lemma coord_det_eq_0_iff:
  assumes "\<theta> \<noteq> 0"
  shows "coord_det \<theta> y = 0 \<longleftrightarrow> (\<exists>t\<in>F. y = t * \<theta>)"
proof
  assume "\<exists>t\<in>F. y = t * \<theta>"
  then obtain t where t: "t \<in> F" "y = t * \<theta>" by blast
  hence "y = t * coord0 q \<xi> \<theta> + (t * coord1 q \<xi> \<theta>) * \<xi>"
    by (subst (asm) coord_decomposition) (simp add: algebra_simps)
  moreover have "t * coord0 q \<xi> \<theta> \<in> F" "t * coord1 q \<xi> \<theta> \<in> F"
    by (intro subfield_q_mult t(1) coord_mem)+
  ultimately have "coord0 q \<xi> y = t * coord0 q \<xi> \<theta>" "coord1 q \<xi> y = t * coord1 q \<xi> \<theta>"
    using coord_eq by blast+
  thus "coord_det \<theta> y = 0" by (simp add: coord_det_def)
next
  assume det: "coord_det \<theta> y = 0"
  let ?t0 = "coord0 q \<xi> \<theta>" and ?t1 = "coord1 q \<xi> \<theta>"
  let ?y0 = "coord0 q \<xi> y" and ?y1 = "coord1 q \<xi> y"
  have cross: "?t1 * ?y0 = ?t0 * ?y1" using det by (simp add: coord_det_def)
  have \<theta>: "\<theta> = ?t0 + ?t1 * \<xi>" and y: "y = ?y0 + ?y1 * \<xi>"
    by (rule coord_decomposition)+
  show "\<exists>t\<in>F. y = t * \<theta>"
  proof (cases "?t1 = 0")
    case False
    have "y = (?y1 / ?t1) * \<theta>"
      using False cross by (subst \<theta>, subst y) (simp add: field_simps)
    thus ?thesis using subfield_q_divide coord_mem by blast
  next
    case True
    hence "?t0 \<noteq> 0" using \<theta> assms by auto
    hence "y = (?y0 / ?t0) * \<theta>"
      using True cross by (subst \<theta>, subst y) (simp add: field_simps)
    thus ?thesis using subfield_q_divide coord_mem by blast
  qed
qed

lemma Aff_mem_U_theta_iff: "\<theta> \<noteq> 0 \<Longrightarrow> Aff x y \<in> U_theta q \<theta> \<longleftrightarrow> coord_det \<theta> y = 0"
  by (auto simp: U_theta_def coord_det_eq_0_iff)

lemma card_U_theta_inter_Lab:
  assumes "\<theta> \<noteq> 0"
  shows "card (U_theta q \<theta> \<inter> points_on f (Lab a b)) = card {x. coord_det \<theta> (f x) = coord_det \<theta> b}"
proof -
  have "U_theta q \<theta> \<inter> points_on f (Lab a b) =
      (\<lambda>x. Aff x (f (x + a) - b)) ` {x. coord_det \<theta> (f (x + a) - b) = 0}"
  proof (rule Set.set_eqI)
    fix p show "p \<in> U_theta q \<theta> \<inter> points_on f (Lab a b) \<longleftrightarrow>
        p \<in> (\<lambda>x. Aff x (f (x + a) - b)) ` {x. coord_det \<theta> (f (x + a) - b) = 0}"
      by (cases p) (auto simp: points_on_def Aff_mem_U_theta_iff[OF assms])
  qed
  hence "card (U_theta q \<theta> \<inter> points_on f (Lab a b)) = card {x. coord_det \<theta> (f (x + a)) = coord_det \<theta> b}"
    by (simp add: card_image inj_on_def coord_det_diff)
  also have "{x. coord_det \<theta> (f (x + a)) = coord_det \<theta> b} =
      (\<lambda>x. x - a) ` {x. coord_det \<theta> (f x) = coord_det \<theta> b}"
  proof (intro equalityI subsetI)
    fix x assume "x \<in> {x. coord_det \<theta> (f (x + a)) = coord_det \<theta> b}"
    thus "x \<in> (\<lambda>x. x - a) ` {x. coord_det \<theta> (f x) = coord_det \<theta> b}"
      by (intro image_eqI[of _ _ "x + a"]) auto
  qed auto
  also have "card \<dots> = card {x. coord_det \<theta> (f x) = coord_det \<theta> b}"
    by (simp add: card_image inj_on_def)
  finally show ?thesis .
qed

end

theorem proposition2p2:
  fixes f :: "'a::{field,finite} \<Rightarrow> 'a" and q :: nat and \<xi> \<theta> :: 'a
  assumes "\<exists>p k. prime p \<and> k > 0 \<and> q = p ^ k"
    and "odd q"
    and "card (UNIV :: 'a set) = q ^ 2"
    and "\<xi> \<notin> subfield_q q"
    and "planar f"
    and "\<theta> \<noteq> 0"
    and "\<forall>c\<in>subfield_q q.
           card {x. coord1 q \<xi> \<theta> * coord0 q \<xi> (f x) - coord0 q \<xi> \<theta> * coord1 q \<xi> (f x) = c}
           = (if c \<noteq> 0 then q + 1 else 1)"
  shows "unital q f (U_theta q \<theta>) \<and>
         (\<forall>a b. tangent_line f (U_theta q \<theta>) (Lab a b) \<longleftrightarrow>
                coord0 q \<xi> b * coord1 q \<xi> \<theta> - coord1 q \<xi> b * coord0 q \<xi> \<theta> = 0)"
proof -
  interpret quadratic_extension q \<xi> using assms(1,3,4) by unfold_locales
  note \<theta> = \<open>\<theta> \<noteq> 0\<close>
  have card_Lab: "card (U_theta q \<theta> \<inter> points_on f (Lab a b)) = (if coord_det \<theta> b \<noteq> 0 then q + 1 else 1)"
    for a b
    using card_U_theta_inter_Lab[OF \<theta>] assms(7) coord_det_mem by (simp add: coord_det_def)
  have "unital q f (U_theta q \<theta>)"
    unfolding unital_def
  proof (intro conjI allI)
    show "card (U_theta q \<theta>) = q ^ 3 + 1"
      using card_U_theta[OF \<theta>] card_UNIV card_subfield_q by (simp add: power2_eq_square power3_eq_cube)
    thus "finite (U_theta q \<theta>)" by (intro card_ge_0_finite) simp
    fix l show "card (U_theta q \<theta> \<inter> points_on f l) = 1 \<or> card (U_theta q \<theta> \<inter> points_on f l) = q + 1"
      by (cases l) (simp_all add: card_Lab card_U_theta_inter_Nl[OF \<theta>] U_theta_inter_Linf card_subfield_q)
  qed
  moreover have "coord0 q \<xi> b * coord1 q \<xi> \<theta> - coord1 q \<xi> b * coord0 q \<xi> \<theta> = coord_det \<theta> b" for b
    by (simp add: coord_det_def mult.commute)
  ultimately show ?thesis
    using q_ge_2 by (simp add: tangent_line_def card_Lab)
qed

end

§ **Description of the task**
Work out how many lines of the listing above include "blast". Answer with the number and nothing more.

§ **Answer to this problem**
4